Moshe Adler:
> When British economists David Ricardo and Adam Smith
> examined this question 200 years ago, they concluded
> that what a person earns is determined not by what the
> person has produced but by that person's bargaining
> power. Why? Because production is typically carried out
> by teams of workers, managers and machines, and the
> contribution of each member cannot be separated from
> that of the rest. ...

While this theory is right, supply & demand still play a role, not as
complete determinants but as constraints.

First, a corporate executive is limited first by the fact that his or
(rarely) her earnings can't be so high over a sustained period that it
depresses the pay-out to stockholders or the investment of retained
earnings. While an executive could rape a company's balance sheet and
then run (to put the loot into a diversified portfolio), this isn't a
general phenomenon (because there is some self-regulation by
stockholders, etc.)

Second, if an executive's salary is pushed significantly below that
paid to similar execs in the same sector, there will be a loss of
talent to the corporation -- the executive would vote with his or her
feet.

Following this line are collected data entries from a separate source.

(*
  Since morphisms of the factorization category cancel, the comma category over d = [w] is
  thin, and its homology is that of the nerve of the relation "there is a morphism". Such a
  nerve is acyclic as soon as a zigzag of pointwise comparable monotone endomaps joins the
  identity to a constant map: comparable maps are chain homotopic through the prism operator.

  By the projection lemma, a factorization g c f = w is determined by the order ideals
  G \<subseteq> H of occurrences of letters of w covered by g and by g c, the middle part H - G
  consisting of pairwise independent letters; a morphism x \<rightarrow> y exists exactly when
  G_y \<subseteq> G_x and H_x \<subseteq> H_y. Truncating G and H to the occurrences among the first j
  letters of w, alternately for H and for G, gives the zigzag from the identity (j = |w|) to
  the constant object 1 1 w (j = 0). The middle part stays commuting: the one occurrence that
  H may gain over G is independent of every earlier occurrence outside the ideal G.
*)

theory Submission
  imports Defs "HOL-Library.Poly_Mapping"
begin

section \<open>Simplicial chains of a relation\<close>

definition remove_nth :: "nat \<Rightarrow> 'a list \<Rightarrow> 'a list" where
  "remove_nth i xs = take i xs @ drop (Suc i) xs"

lemma remove_nth_remove_nth:
  assumes "i < j" "j < length xs"
  shows "remove_nth i (remove_nth j xs) = remove_nth (j - 1) (remove_nth i xs)"
  using assms unfolding remove_nth_def by (simp add: drop_take)

lemma remove_nth_replicate: "i < k \<Longrightarrow> remove_nth i (replicate k x) = replicate (k - 1) x"
  unfolding remove_nth_def by (simp add: min_def flip: replicate_add)

definition signed :: "nat \<Rightarrow> ('b \<Rightarrow>\<^sub>0 int) \<Rightarrow> ('b \<Rightarrow>\<^sub>0 int)" where
  "signed i x = frag_cmul ((-1) ^ i) x"

lemma signed_Suc: "signed (Suc i) x = - signed i x"
  by (simp add: signed_def)

lemma signed_pred: "0 < i \<Longrightarrow> signed i x = - signed (i - 1) x"
  by (cases i) (auto simp: signed_Suc)

lemma signed_add: "signed (i + j) x = signed i (signed j x)"
  by (simp add: signed_def power_add)

lemma signed_signed: "signed i (signed i x) = x"
  by (simp add: signed_def flip: power_add)

lemma signed_sum: "signed i (sum f A) = (\<Sum>a\<in>A. signed i (f a))"
  by (simp add: signed_def frag_cmul_sum)

lemma signed_plus: "signed i (x + y) = signed i x + signed i y"
  by (simp add: signed_def frag_cmul_distrib2)

lemma signed_zero [simp]: "signed i 0 = 0"
  by (simp add: signed_def)

lemma signed_minus: "signed i (- x) = - signed i x"
  unfolding signed_def by (rule poly_mapping_eqI) (simp add: lookup_uminus)

lemma signed_diff: "signed i (x - y) = signed i x - signed i y"
  unfolding signed_def by (rule poly_mapping_eqI) (simp add: lookup_minus algebra_simps)

lemma frag_extend_signed: "frag_extend f (signed i x) = signed i (frag_extend f x)"
  by (simp add: signed_def frag_extend_cmul)

lemma sum_signed_atMost: "(\<Sum>i\<le>n. signed i x) = (if even n then x else 0)"
  by (induction n) (auto simp: signed_def)

lemma frag_extend_diff_fun: "frag_extend f z - frag_extend g z = frag_extend (\<lambda>x. f x - g x) z"
proof -
  have cmul_diff: "frag_cmul c (a - b) = frag_cmul c a - frag_cmul c b" for c and a b :: "_ \<Rightarrow>\<^sub>0 int"
    by (rule poly_mapping_eqI) (simp add: lookup_minus algebra_simps)
  show ?thesis
    unfolding frag_extend_def by (simp only: cmul_diff sum_subtractf)
qed

definition simplex_boundary :: "nat \<Rightarrow> 'a list \<Rightarrow> ('a list \<Rightarrow>\<^sub>0 int)" where
  "simplex_boundary n xs = (\<Sum>i\<le>n. signed i (frag_of (remove_nth i xs)))"

definition chain_boundary :: "nat \<Rightarrow> ('a list \<Rightarrow>\<^sub>0 int) \<Rightarrow> ('a list \<Rightarrow>\<^sub>0 int)" where
  "chain_boundary n = frag_extend (simplex_boundary n)"

lemma chain_boundary_diff: "chain_boundary n (a - b) = chain_boundary n a - chain_boundary n b"
  by (simp add: chain_boundary_def frag_extend_diff)

lemma chain_boundary_add: "chain_boundary n (a + b) = chain_boundary n a + chain_boundary n b"
  by (simp add: chain_boundary_def frag_extend_add)

lemma chain_boundary_cmul: "chain_boundary n (frag_cmul k a) = frag_cmul k (chain_boundary n a)"
  by (simp add: chain_boundary_def frag_extend_cmul)

lemma simplex_boundary_replicate:
  "simplex_boundary n (replicate (Suc n) x) = (if even n then frag_of (replicate n x) else 0)"
proof -
  have "simplex_boundary n (replicate (Suc n) x) = (\<Sum>i\<le>n. signed i (frag_of (replicate n x)))"
    unfolding simplex_boundary_def by (rule sum.cong) (simp_all add: remove_nth_replicate del: replicate_Suc)
  then show ?thesis by (simp add: sum_signed_atMost)
qed

lemma simplex_boundary_boundary:
  assumes len: "length xs = Suc (Suc n)"
  shows "chain_boundary n (simplex_boundary (Suc n) xs) = 0"
proof -
  define Y where "Y i j = signed (i + j) (frag_of (remove_nth i (remove_nth j xs)))" for i j
  define Lo where "Lo = {(i, j). j \<le> i \<and> i \<le> n}"
  define Hi where "Hi = {(i, j). i < j \<and> j \<le> Suc n}"
  have fin: "finite Lo" "finite Hi"
    unfolding Lo_def Hi_def by (auto intro: finite_subset[of _ "{..Suc n} \<times> {..Suc n}"])
  have "chain_boundary n (simplex_boundary (Suc n) xs) = (\<Sum>j\<le>Suc n. \<Sum>i\<le>n. Y i j)"
    unfolding chain_boundary_def simplex_boundary_def Y_def
    by (simp only: frag_extend_sum[OF finite_atMost] o_def frag_extend_signed frag_extend_of
        signed_sum signed_add add.commute)
  also have "\<dots> = (\<Sum>(i, j)\<in>Lo \<union> Hi. Y i j)"
    by (subst sum.swap, subst sum.cartesian_product)
       (rule sum.cong, auto simp: Lo_def Hi_def)
  also have "\<dots> = (\<Sum>(i, j)\<in>Lo. Y i j) + (\<Sum>(i, j)\<in>Hi. Y i j)"
    by (rule sum.union_disjoint) (use fin in \<open>auto simp: Lo_def Hi_def\<close>)
  also have "(\<Sum>(i, j)\<in>Hi. Y i j) = (\<Sum>(i, j)\<in>Lo. - Y i j)"
  proof (rule sum.reindex_bij_witness[where i="\<lambda>(i, j). (j, Suc i)" and j="\<lambda>(i, j). (j - 1, i)"])
    fix p assume "p \<in> Hi"
    then obtain i j where p: "p = (i, j)" "i < j" "j \<le> Suc n" by (auto simp: Hi_def)
    then have "remove_nth i (remove_nth j xs) = remove_nth (j - 1) (remove_nth i xs)"
      using len by (intro remove_nth_remove_nth) auto
    moreover have "j - 1 + i = i + j - 1" using p by simp
    ultimately show "(case (\<lambda>(i, j). (j - 1, i)) p of (i, j) \<Rightarrow> - Y i j) = (case p of (i, j) \<Rightarrow> Y i j)"
      using p by (simp add: Y_def signed_pred[of "i + j"])
  qed (auto simp: Lo_def Hi_def)
  finally show ?thesis by (simp add: split_def sum_negf)
qed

There are market forces at work here, but these top executives
are in a labor-power market that's completely separated from the
labor-power markets that the vast, vast majority of people face.
(They're part of what 19th century economist John Cairnes called a
"non-competing group.)

There's a clear conclusion from the second point: instead of
regulating the salaries (and perks!) of a small sub-set of the top
executives, _all_ of their salaries should be controlled.  Even
better, replace these folks with committees of workers, citizens,
consumers, and government representatives and put them to doing
productive labor.
-- 
Jim Devine / "Segui il tuo corso, e lascia dir le genti." (Go your own
way and let people talk.) -- Karl, paraphrasing Dante.